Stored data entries
★ ★ ★ ★

theorem theorem6p4:
  shows "strong_valuation (tutte_char :: ('i::finite \<Rightarrow> real) set \<Rightarrow> Ralg)"
  unfolding strong_valuation_def
proof (intro exI conjI allI impI)
  show "linear_on_span (tutte_functional :: (('i \<Rightarrow> real) \<Rightarrow> real) \<Rightarrow> Ralg)"
    unfolding linear_on_span_def using tutte_functional_add tutte_functional_scale by blast
  fix P :: "('i \<Rightarrow> real) set"
  assume "is_gen_perm P"
  then show "tutte_char P = tutte_functional (indicator P)"
    using tutte_functional_gen_perm_combination[of "{()}" "\<lambda>_. P" "\<lambda>_. 1"] by simp
qed

end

★ ★ ★ ★

## WHAT YOU ARE ASKED TO DO
Beginning with the line that has "P = tutte_functional", set down each line through the last one above, exactly, and nothing else.

## SOLUTION BELOW
  then show "tutte_char P = tutte_functional (indicator P)"
    using tutte_functional_gen_perm_combination[of "{()}" "\<lambda>_. P" "\<lambda>_. 1"] by simp
qed

end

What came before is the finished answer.